Entre el 6 y el 9 de junio tendrán lugar las elecciones al Parlamento Europeo, la única institución genuinamente democrática en el entramado institucional comunitario; sus integrantes los elige directamente la ciudadanía, el resto son de naturaleza intergubernamental. Un buen momento para pensar los retos a los que se enfrenta la Unión Europea (UE) y, diría más, el conjunto del planeta.

Lo primero que hay que desmontar es la falacia –que a fuerza de ser repetida una y otra vez no la convierte en verdadera– de que reforzar la integración económica, consumando un proceso de largo recorrido que empezó mucho antes de la implantación de la moneda única, es beneficioso para todos, especialmente para las economías más rezagadas y para los colectivos más desfavorecidos. Desde esta perspectiva, la convergencia habría sido el motor y el resultado de la construcción europea.

No ha sido así. La Europa realmente existente, la que debería estar en el epicentro de todos los debates, nada tiene que ver con esa visión idealizada y, por lo tanto, falsa. Las divergencias entre las economías y las regiones, entre las del centro y las periferias, y las desigualdades de renta y riqueza se han mantenido en niveles elevados o incluso se han recrudecido.
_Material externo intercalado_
lemma spectral_radius_le_if_pow_norm_bound:
  fixes M :: "complex mat"
  assumes M: "M \<in> carrier_mat n n" and n: "n > 0" and t: "t > 0"
    and bound: "\<And>k. norm_bound (M ^\<^sub>m k) (c * t ^ k)"
  shows "spectral_radius M \<le> t"
proof (rule ccontr)
  assume "\<not> spectral_radius M \<le> t"
  obtain ev where ev: "ev \<in> spectrum M" and "spectral_radius M = norm ev"
    using spectral_radius_mem_max(1)[OF M n] by auto
  with \<open>\<not> spectral_radius M \<le> t\<close> have q: "norm ev / t > 1" using t by simp
  obtain v where v: "eigenvector M v ev" using ev unfolding spectrum_def eigenvalue_def by auto
  then have vc: "v \<in> carrier_vec n" and "v \<noteq> 0\<^sub>v n" using M unfolding eigenvector_def by auto
  then obtain i where i: "i < n" and vi: "v $ i \<noteq> 0" by (auto simp: vec_eq_iff)
  define S where "S = (\<Sum>j<n. norm (v $ j))"
  have growth: "norm ev ^ k * norm (v $ i) \<le> c * S * t ^ k" for k
  proof -
    have "ev ^ k * v $ i = (M ^\<^sub>m k *\<^sub>v v) $ i"
      using eigenvector_pow[OF M v, of k] i vc by simp
    also have "\<dots> = (\<Sum>j<n. (M ^\<^sub>m k) $$ (i, j) * v $ j)"
      using i vc M by (simp add: scalar_prod_def lessThan_atLeast0)
    finally have "ev ^ k * v $ i = (\<Sum>j<n. (M ^\<^sub>m k) $$ (i, j) * v $ j)" .
    then have "norm (ev ^ k * v $ i) \<le> (\<Sum>j<n. norm ((M ^\<^sub>m k) $$ (i, j)) * norm (v $ j))"
      by (metis (no_types, lifting) norm_mult norm_sum sum.cong)
    also have "\<dots> \<le> (\<Sum>j<n. c * t ^ k * norm (v $ j))"
      using bound[of k] i M unfolding norm_bound_def by (intro sum_mono mult_right_mono) auto
    finally show ?thesis unfolding S_def by (simp add: norm_mult norm_power sum_distrib_left ac_simps)
  qed
  obtain k where k: "c * S / norm (v $ i) < (norm ev / t) ^ k"
    using real_arch_pow[OF q] by blast
  have "(norm ev / t) ^ k * norm (v $ i) \<le> c * S"
    using growth[of k] t by (simp add: power_divide divide_le_eq mult.commute mult.left_commute)
  with k vi show False by (simp add: divide_less_eq)
qed

lemma norm_bound_of_real_mat: "norm_bound (map_mat complex_of_real P) d \<longleftrightarrow> norm_bound P d"
  unfolding norm_bound_def by simp

lemma rho_le_if_pow_dominated:
  fixes M N :: "real mat"
  assumes M: "M \<in> carrier_mat n n" and N: "N \<in> carrier_mat m m" and "n > 0" "m > 0"
    and dominated: "\<And>k d. norm_bound (N ^\<^sub>m k) d \<Longrightarrow> norm_bound (M ^\<^sub>m k) (C * d)"
  shows "rho M \<le> rho N"
  unfolding rho_def
proof (rule dense_ge)
  fix t assume lt: "spectral_radius (map_mat complex_of_real N) < t"
  have Mc: "map_mat complex_of_real M \<in> carrier_mat n n" and Nc: "map_mat complex_of_real N \<in> carrier_mat m m"
    using M N by auto
  have t: "t > 0" using spectral_radius_nonneg[OF Nc \<open>m > 0\<close>] lt by linarith
  obtain c where "\<And>k. norm_bound (map_mat complex_of_real N ^\<^sub>m k) (c * t ^ k)"
    using pow_norm_bound_if_spectral_radius_less[OF Nc \<open>m > 0\<close> lt] by blast
  then have "norm_bound (map_mat complex_of_real M ^\<^sub>m k) ((C * c) * t ^ k)" for k
    using dominated[of k] M N
    by (simp add: of_real_hom.mat_hom_pow[symmetric] norm_bound_of_real_mat mult.assoc)
  then show "spectral_radius (map_mat complex_of_real M) \<le> t"
    by (rule spectral_radius_le_if_pow_norm_bound[OF Mc \<open>n > 0\<close> t])
qed

definition nonneg_mat :: "'a::{zero,ord} mat \<Rightarrow> bool" where
  "nonneg_mat P \<longleftrightarrow> (\<forall>i<dim_row P. \<forall>j<dim_col P. P $$ (i, j) \<ge> 0)"

lemma nonneg_mat_pow:
  fixes P :: "'a::linordered_semidom mat"
  assumes P: "P \<in> carrier_mat n n" and nonneg: "nonneg_mat P"
  shows "nonneg_mat (P ^\<^sub>m k)"
proof (induction k)
  case 0
  show ?case using P by (simp add: nonneg_mat_def)
next
  case (Suc k)
  have "(P ^\<^sub>m k * P) $$ (i, j) \<ge> 0" if "i < n" "j < n" for i j
    using that Suc nonneg P unfolding nonneg_mat_def
    by (auto simp: scalar_prod_def intro!: sum_nonneg mult_nonneg_nonneg)
  then show ?case using P by (simp add: nonneg_mat_def)
qed

lemma nonneg_mat_index_le_row_sum:
  fixes P :: "'a::linordered_semidom mat"
  assumes "nonneg_mat P" and "i < dim_row P" and "j < dim_col P"
  shows "P $$ (i, j) \<le> (P *\<^sub>v vec (dim_col P) (\<lambda>_. 1)) $ i"
proof -
  have "P $$ (i, j) \<le> (\<Sum>c<dim_col P. P $$ (i, c))"
    using assms unfolding nonneg_mat_def by (intro member_le_sum) auto
  then show ?thesis using assms by (simp add: scalar_prod_def lessThan_atLeast0)
qed

lemma row_sum_le_if_norm_bound:
  fixes P :: "real mat"
  assumes "norm_bound P d" and "i < dim_row P"
  shows "(P *\<^sub>v vec (dim_col P) (\<lambda>_. 1)) $ i \<le> real (dim_col P) * d"
proof -
  have "(P *\<^sub>v vec (dim_col P) (\<lambda>_. 1)) $ i = (\<Sum>c<dim_col P. P $$ (i, c))"
    using assms by (simp add: scalar_prod_def lessThan_atLeast0)
  also have "\<dots> \<le> (\<Sum>c<dim_col P. d)"
    using assms unfolding norm_bound_def by (intro sum_mono) (auto intro: abs_le_D1)
  finally show ?thesis by simp
qed

lemma rho_le_if_pow_row_sums_le:
  fixes M N :: "real mat"
  assumes M: "M \<in> carrier_mat n n" and N: "N \<in> carrier_mat m m" and "n > 0" "m > 0"
    and nonneg: "nonneg_mat M"
    and row_sums: "\<And>k i. i < n \<Longrightarrow>
      \<exists>i'<m. (M ^\<^sub>m k *\<^sub>v vec n (\<lambda>_. 1)) $ i \<le> (N ^\<^sub>m k *\<^sub>v vec m (\<lambda>_. 1)) $ i'"
  shows "rho M \<le> rho N"
proof (rule rho_le_if_pow_dominated[OF M N \<open>n > 0\<close> \<open>m > 0\<close>])
  fix k d assume bound: "norm_bound (N ^\<^sub>m k) d"
  show "norm_bound (M ^\<^sub>m k) (real m * d)"
  proof
    fix i j assume "i < dim_row (M ^\<^sub>m k)" "j < dim_col (M ^\<^sub>m k)"
    then have ij: "i < n" "j < n" using M by (auto split: if_splits)
    have dims: "dim_row (M ^\<^sub>m k) = n" "dim_col (M ^\<^sub>m k) = n"
      "dim_row (N ^\<^sub>m k) = m" "dim_col (N ^\<^sub>m k) = m"
      using M N by auto
    have nonneg_k: "nonneg_mat (M ^\<^sub>m k)" using nonneg_mat_pow[OF M nonneg] .
    obtain i' where i': "i' < m"
      and le: "(M ^\<^sub>m k *\<^sub>v vec n (\<lambda>_. 1)) $ i \<le> (N ^\<^sub>m k *\<^sub>v vec m (\<lambda>_. 1)) $ i'"
      using row_sums[OF ij(1)] by blast
    have "norm ((M ^\<^sub>m k) $$ (i, j)) = (M ^\<^sub>m k) $$ (i, j)"
      using nonneg_k ij M unfolding nonneg_mat_def by simp
    also have "\<dots> \<le> (M ^\<^sub>m k *\<^sub>v vec n (\<lambda>_. 1)) $ i"
      using nonneg_mat_index_le_row_sum[OF nonneg_k, of i j] ij unfolding dims .
    also have "\<dots> \<le> (N ^\<^sub>m k *\<^sub>v vec m (\<lambda>_. 1)) $ i'" by (rule le)
    also have "\<dots> \<le> real m * d"
      using row_sum_le_if_norm_bound[OF bound, of i'] i' unfolding dims .
    finally show "norm ((M ^\<^sub>m k) $$ (i, j)) \<le> real m * d" .
  qed
qed

lemma block_index_less:
  fixes j b r s :: nat
  assumes "j < r" and "b < s"
  shows "j * s + b < r * s"
proof -
  have "j * s + b < Suc j * s" using assms(2) by simp
  also have "\<dots> \<le> r * s" using assms(1) by (intro mult_le_mono1) simp
  finally show ?thesis .
qed

lemma sum_lessThan_mult_blocks:
  fixes f :: "nat \<Rightarrow> 'a::comm_monoid_add"
  shows "(\<Sum>l<r * s. f l) = (\<Sum>j<r. \<Sum>b<s. f (j * s + b))"
  by (simp add: sum.nat_group[symmetric] sum.atLeastLessThan_shift_bounds[of _ 0 _ s, simplified]
      atLeast0LessThan add.commute comp_def)

lemma sum_lessThan_rotate:
  fixes f :: "nat \<Rightarrow> 'a::comm_monoid_add"
  assumes "k < r"
  shows "(\<Sum>j<r. f ((j + r - k) mod r)) = (\<Sum>j<r. f j)"
proof (rule sum.reindex_bij_witness[where i="\<lambda>j. (j + k) mod r" and j="\<lambda>j. (j + r - k) mod r"])
  fix a assume a: "a \<in> {..<r}"
  have "((a + r - k) mod r + k) mod r = (a + r - k + k) mod r" by (simp add: mod_add_left_eq)
  also have "\<dots> = a" using a assms by simp
  finally show "((a + r - k) mod r + k) mod r = a" .
  have "((a + k) mod r + r - k) mod r = ((a + k) mod r + (r - k)) mod r" using assms by simp
  also have "\<dots> = (a + k + (r - k)) mod r" by (simp add: mod_add_left_eq)
  also have "\<dots> = a" using a assms by simp
  finally show "((a + k) mod r + r - k) mod r = a" .
qed (use assms in auto)
(* Let $n\ge 3$ and let $i\ge 0$ be an integer with $i>(n-4)(n-1)$. Then the map $\mathrm{per}$ restricts to a bijection from $\mathcal{L}_i$ onto $\mathcal{L}_{i+n-1}$.
   Context: Fix an integer $n\ge 3$. A partition is a sequence $\Lambda=(\lambda_j)_{j\ge1}$ of non-negative integers with finite support; $\mathrm{wt}(\Lambda)=\sum_j j\lambda_j$; $\mathrm{Part}(k)$ is the set of partitions with $\lambda_j=0$ for $j>k$. Write $x^\Lambda=\prod_j x_j^{\lambda_j}$, $\deg(x^\Lambda)=\sum_j\lambda_j$. $\mathcal{B}=\{x^\Lambda\partial_k : 1\le k\le n,\ \Lambda\in\mathrm{Part}(k-1)\}$ (formal monomials times the symbol $\partial_k$). For an integer $i\ge-1$, let $r_i\in\{1,\dots,n-1\}$ with $i\equiv r_i\pmod{n-1}$ and $h_i=\lfloor (i-1)/(n-1)\rfloor+1$. Define $\mathrm{WD}(x^\Lambda\partial_k)=\mathrm{wt}(\Lambda)-\deg(x^\Lambda)+n-k$ and $\mathrm{lev}_i(x^\Lambda\partial_k)=h_i\,\mathrm{WD}(x^\Lambda\partial_k)+\deg(x^\Lambda)-1$. For $i\ge-1$, $\mathcal{N}_i=\{b\in\mathcal{B}: \mathrm{lev}_j(b)\le j\text{ for some integer } -1\le j\le i\}$, and $\mathcal{L}_i=\mathcal{N}_i\setminus\mathcal{N}_{i-1}$ for $i\ge0$. For $x^\Lambda\partial_k\in\mathcal{B}$ with $\mathrm{WD}(x^\Lambda\partial_k)\le n-1$, the period function is $\mathrm{per}(x^\Lambda\partial_k)=x_1^{\,n-1-\mathrm{WD}(x^\Lambda\partial_k)}x^\Lambda\partial_k$. *)

theory Defs
  imports Main
begin
lemma frequently_lr_ge_if_not_tendsto_zero:
  assumes "\<not> (\<lambda>t. lr f0 f1 j w t) \<longlonglongrightarrow> 0"
  shows "\<exists>m. \<exists>\<^sub>F t in sequentially. lr f0 f1 j w t \<ge> 1 / real (Suc m)"
proof -
  have "\<exists>b>0. \<not> eventually (\<lambda>t. lr f0 f1 j w t < b) sequentially"
  proof (rule ccontr)
    assume "\<not> ?thesis"
    then have "(\<lambda>t. lr f0 f1 j w t) \<longlonglongrightarrow> 0"
    proof (intro order_tendstoI)
      fix a :: real assume "a < 0"
      then have "\<forall>t. a < lr f0 f1 j w t" using lr_nonneg[of f0 f1 j w] by (metis less_le_trans)
      then show "eventually (\<lambda>t. a < lr f0 f1 j w t) sequentially" by (rule always_eventually)
    qed blast
    then show False using assms by contradiction
  qed
  then obtain b where "b > 0" and freq: "\<exists>\<^sub>F t in sequentially. lr f0 f1 j w t \<ge> b"
    by (auto simp: not_eventually not_less)
  obtain m where m: "1 / real (Suc m) < b"
    using \<open>b > 0\<close> reals_Archimedean by (auto simp: inverse_eq_divide)
  have "\<exists>\<^sub>F t in sequentially. lr f0 f1 j w t \<ge> 1 / real (Suc m)"
    using freq by (rule frequently_elim1) (use m in linarith)
  then show ?thesis by blast
qed

lemma eq_deriv_test_if:
  assumes i: "i \<in> {0, 1}" and T: "T w f0 f1 \<in> {0, 1/2, 1}"
    and pos: "lr_pos f0 f1 i w" and other: "\<not> D_exists_zero f0 f1 (1 - i) w"
    and D_i: "D_exists_zero f0 f1 i w \<Longrightarrow> T w f0 f1 = real i"
    and not_other: "lr_pos f0 f1 0 w \<and> lr_pos f0 f1 1 w \<Longrightarrow> T w f0 f1 \<noteq> real (1 - i)"
    and lr_i: "lr_pos f0 f1 0 w \<and> lr_pos f0 f1 1 w \<Longrightarrow> T w f0 f1 = real i \<Longrightarrow> (\<lambda>t. lr f0 f1 i w t) \<longlonglongrightarrow> 0"
  shows "T w f0 f1 = deriv_test w f0 f1"
proof (cases "D_exists_zero f0 f1 i w")
  case True
  then show ?thesis
    using D_i i not_D_exists_zero_both[of f0 f1 w] by (auto simp: deriv_test_def)
next
  case False
  then have half: "deriv_test w f0 f1 = 1/2"
    using other i by (auto simp: deriv_test_def)
  have "lr_pos f0 f1 (1 - i) w"
    using False pos lr_tendsto_zero_if_not_lr_pos[of f0 f1 i w] by (auto simp: D_exists_zero_iff)
  then have both: "lr_pos f0 f1 0 w \<and> lr_pos f0 f1 1 w" using pos i by auto
  then have "T w f0 f1 \<noteq> real i"
    using lr_i False pos by (auto simp: D_exists_zero_iff)
  then show ?thesis using T i not_other[OF both] half by auto
qed
(* Let $\Sigma$ be a finite alphabet with $m=|\Sigma|$, and let $M=(Q,\Sigma,\delta,\vec q_0,F)$ be the deterministic finite automaton defined as follows. Fix a symbol $a_0\notin\Sigma$. The state set is $Q=P\times N\times C$ where $P=\Sigma\cup\{a_0\}$ (component $p$, the last input letter), $N=(\Sigma\cup\{\epsilon\})^{m+1}$ (component $\vec n=(n_d)_{d\in\Sigma\cup\{a_0\}}$, recording for each $d$ the letter most recently read right after $d$), and $C=\{\mathtt{WHITE},\mathtt{BLACK}\}^m$ (component $\vec c=(c_d)_{d\in\Sigma}$). The initial state is $\vec q_0=(a_0,\epsilon^{m+1},\mathtt{WHITE}^m)$ and the final states are $F=\{(p,\vec n,\vec c)\in Q:\vec c\neq\mathtt{BLACK}^m\}$. The transition $\delta((p,\vec n,\vec c),a)$ for $a\in\Sigma$ is computed by the following procedure: (1) if $n_p\neq\epsilon$ and $n_p\neq a$, then set $b\gets p$ and repeat \{$c_b\gets\mathtt{BLACK}$; $b\gets n_b$\} until $b=p$; (2) then, if $c_a=\mathtt{BLACK}$, set $\vec c\gets\mathtt{BLACK}^m$; (3) set $n_p\gets a$; (4) set $p\gets a$; the resulting $(p,\vec n,\vec c)$ is the new state. Then the language accepted by $M$ equals $L$, the language of unique Eulerian trails over $\Sigma$.
   Context: For a word $t=t_1\cdots t_n$ over $\Sigma$ (viewed as a vertex set), $G(t)$ is the directed multigraph on $\Sigma$ with one edge $t_i\to t_{i+1}$ for each $1\le i<n$; a word $s=s_1\cdots s_k$ is an Eulerian trail of $G(t)$ if the multiset of pairs $\{(s_i,s_{i+1}):1\le i<k\}$ equals the multiset $\{(t_i,t_{i+1}):1\le i<n\}$ (trails are vertex sequences). The language $L\subseteq\Sigma^*$ consists of the empty word $\epsilon$ together with all nonempty words $t$ such that $t$ is the only Eulerian trail of $G(t)$ starting at the vertex $t_1$ (no word $s\neq t$ with $s_1=t_1$ is an Eulerian trail of $G(t)$). *)

theory Defs
  imports Main "HOL-Library.Multiset" "HOL-Library.While_Combinator"
begin

(* Alphabet Sigma = UNIV of a finite type 'a (so m = CARD('a) \<ge> 1).
   P = Sigma \<union> {a0} is encoded as 'a option, with None = a0.
   Entries of N are in Sigma \<union> {\<epsilon>}, encoded as 'a option, with None = \<epsilon>.
   C = {WHITE,BLACK}^m is encoded as 'a \<Rightarrow> color. *)

datatype color = White | Black

type_synonym 'a dstate = "'a option \<times> ('a option \<Rightarrow> 'a option) \<times> ('a \<Rightarrow> color)"

(* Edge multiset of the graph G(t): one edge t_i -> t_{i+1} per consecutive pair *)
definition edges :: "'a list \<Rightarrow> ('a \<times> 'a) multiset" where
  "edges t = mset (zip t (tl t))"

definition Leul :: "'a list set" where
  "Leul = {t. t = [] \<or>
     (\<forall>s. s \<noteq> [] \<and> hd s = hd t \<and> edges s = edges t \<longrightarrow> s = t)}"

(* Loop variable b : 'a option option; Some x is the element x of P,
   None marks that the procedure got stuck (b became \<epsilon>, or c_{a0} was
   requested), which is treated as non-termination. *)
definition loop_body ::
  "('a option \<Rightarrow> 'a option) \<Rightarrow> 'a option option \<times> ('a \<Rightarrow> color)
     \<Rightarrow> 'a option option \<times> ('a \<Rightarrow> color)" where
  "loop_body n = (\<lambda>(bo, c). case bo of
      Some (Some d) \<Rightarrow> (map_option Some (n (Some d)), c(d := Black))
    | _ \<Rightarrow> (None, c))"
lemma sharp_porous_Lp_bound:
  assumes "0 < \<sigma>" "0 < p"
  shows "\<exists>C>0. \<forall>f. epowr (\<integral>\<^sup>+x\<in>S. epowr (sharp \<epsilon> m f x) p \<partial>\<mu>) (1/p)
     + epowr (\<Sum>k. if k = 0 then 0 else ennreal (\<epsilon> powr (real k * (\<theta> - p))) *
          (\<integral>\<^sup>+x\<in>porous_pts S (\<epsilon> ^ k) \<sigma>. epowr (osc (m k) f (cball x (\<epsilon> ^ k))) p \<partial>(m k))) (1/p)
     \<le> ennreal C * epowr (\<integral>\<^sup>+x. epowr (sharp \<epsilon> m f x) p \<partial>\<mu>) (1/p)"
proof -
  obtain C where "0 < C" and porous: "\<And>f. (\<Sum>k. if k = 0 then 0 else ennreal (\<epsilon> powr (real k * (\<theta> - p))) *
      (\<integral>\<^sup>+x\<in>porous_pts S (\<epsilon> ^ k) \<sigma>. epowr (osc (m k) f (cball x (\<epsilon> ^ k))) p \<partial>m k))
    \<le> ennreal C * (\<integral>\<^sup>+x. epowr (sharp \<epsilon> m f x) p \<partial>\<mu>)"
    using porous_sum_le_sharp[OF assms] by blast
  have restrict: "(\<integral>\<^sup>+x\<in>S. g x \<partial>\<mu>) \<le> (\<integral>\<^sup>+x. g x \<partial>\<mu>)" for g :: "'a \<Rightarrow> ennreal"
    by (intro nn_integral_mono) (simp add: indicator_def)
  show ?thesis
    using epowr_add_le_cmult[OF restrict porous \<open>0 < C\<close> assms(2)] \<open>0 < C\<close>
    by (intro exI[of _ "1 + C powr (1/p)"]) (auto intro: add_pos_nonneg)
qed

end

lemma sharp_setting_if_class_A_M_class:
  fixes \<mu> :: "'a::polish_space measure"
  assumes "class_A p \<mu>" "M_class \<mu> \<theta> S \<epsilon> m" "0 \<le> \<theta>" "0 < \<epsilon>" "\<epsilon> \<le> 1/3"
  obtains D C1 C2 L where "sharp_setting \<mu> m S \<epsilon> \<theta> D C1 C2 L"
proof -
  obtain D where D: "\<forall>r x. 0 < r \<and> r \<le> 1 \<longrightarrow>
      emeasure \<mu> (cball x (2 * r)) \<le> ennreal D * emeasure \<mu> (cball x r)"
    using assms(1) unfolding class_A_def unif_loc_doubling_def by (meson zero_less_one)
  obtain C1 where C1: "\<forall>k x r. 0 < r \<and> r \<le> \<epsilon> ^ k \<longrightarrow>
      emeasure (m k) (cball x r) \<le> ennreal C1 * emeasure \<mu> (cball x r) / ennreal (r powr \<theta>)"
    using assms(2) unfolding M_class_def by blast
  obtain L where L: "0 < L" "\<And>k A. A \<in> sets borel \<Longrightarrow> emeasure (m (Suc k)) A \<le> ennreal L * emeasure (m k) A"
    using M_class_emeasure_Suc_le[OF assms(2,4)] by blast
  have C1': "emeasure (m k) (cball x r) \<le> ennreal (max C1 1) * emeasure \<mu> (cball x r) / ennreal (r powr \<theta>)"
    if "0 < r" "r \<le> \<epsilon> ^ k" for k x r
  proof -
    have "emeasure (m k) (cball x r) \<le> ennreal C1 * emeasure \<mu> (cball x r) / ennreal (r powr \<theta>)"
      using C1 that by blast
    also have "\<dots> \<le> ennreal (max C1 1) * emeasure \<mu> (cball x r) / ennreal (r powr \<theta>)"
      by (intro divide_right_mono_ennreal mult_right_mono ennreal_leI) auto
    finally show ?thesis .
  qed
  obtain C2 where C2: "0 < C2" "\<forall>k. \<forall>x\<in>S. \<forall>r. \<epsilon> ^ k \<le> r \<and> r \<le> 1 \<longrightarrow>
      ennreal C2 * emeasure \<mu> (cball x r) / ennreal (r powr \<theta>) \<le> emeasure (m k) (cball x r)"
    using assms(2) unfolding M_class_def by blast
  have mm: "mm_space \<mu>" using assms(1) by (simp add: class_A_def)
  have m: "\<forall>k. is_measure_on (m k)" "\<forall>k. supp_m (m k) = S"
    using assms(2) by (simp_all add: M_class_def)
  show ?thesis
  proof (rule that[of D "max C1 1" C2 L], unfold_locales)
    show "sets \<mu> = sets borel" using mm by (simp add: mm_space_def)
    show "0 < emeasure \<mu> (cball x r)" "emeasure \<mu> (cball x r) < \<infinity>" if "0 < r" for x r
      using mm that by (simp_all add: mm_space_def)
    show "emeasure \<mu> (cball x (2 * r)) \<le> ennreal D * emeasure \<mu> (cball x r)"
      if "0 < r" "r \<le> 1" for x r
      using D that by blast
    show "sets (m k) = sets borel" "supp_m (m k) = S" for k
      using m by (simp_all add: is_measure_on_def)
    show "ennreal C2 * emeasure \<mu> (cball x r) / ennreal (r powr \<theta>) \<le> emeasure (m k) (cball x r)"
      if "x \<in> S" "\<epsilon> ^ k \<le> r" "r \<le> 1" for k x r
      using C2 that by blast
  qed (use assms C1' L C2 in auto)
qed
El estallido de la pandemia y la gestión que de la misma hicieron las instituciones comunitarias pusieron de manifiesto las vulnerabilidades asociadas a la globalización de los mercados, de cuyos beneficios la UE había hecho bandera; asimismo, unos servicios públicos frágiles –especialmente el relativo a la sanidad– tuvieron que enfrentar la enfermedad y las dramáticas consecuencias de la misma con una evidente escasez de medios, materiales y humanos, escasez que no cayó del cielo, sino que era el resultado de las políticas austeritarias y privatizadoras aplicadas con especial dureza a partir del crack financiero de 2008; y, en fin, quedó muy clara la creciente penetración de las instituciones comunitarias por las grandes corporaciones, que impusieron e imponen sus designios, convirtiendo la angustia y las perentorias necesidades de la ciudadanía en un formidable negocio para sus directivos y grandes accionistas.

Las fuertes alzas de precios, que sólo recientemente se han suavizado (los de los alimentos todavía hoy continúan aumentando con fuerza, a un ritmo muy superior al registrado por los salarios, golpeando especialmente a los grupos de población más desfavorecidos), han situado en el centro de la lucha contra la inflación al Banco Central Europeo. Esta institución ha llevado a cabo una política consistente en elevar hasta niveles históricos los tipos de interés haciendo del exceso de demanda el principal factor desencadenante de las tensiones inflacionistas. Un diagnóstico erróneo que ha tenido y tiene un coste social y productivo enorme, y que, al mismo tiempo, ha favorecido, engordando sus cuentas de resultados, a las instituciones financieras, así como a las empresas con capacidad para trasladar sobre sus clientes los tipos de interés más elevados.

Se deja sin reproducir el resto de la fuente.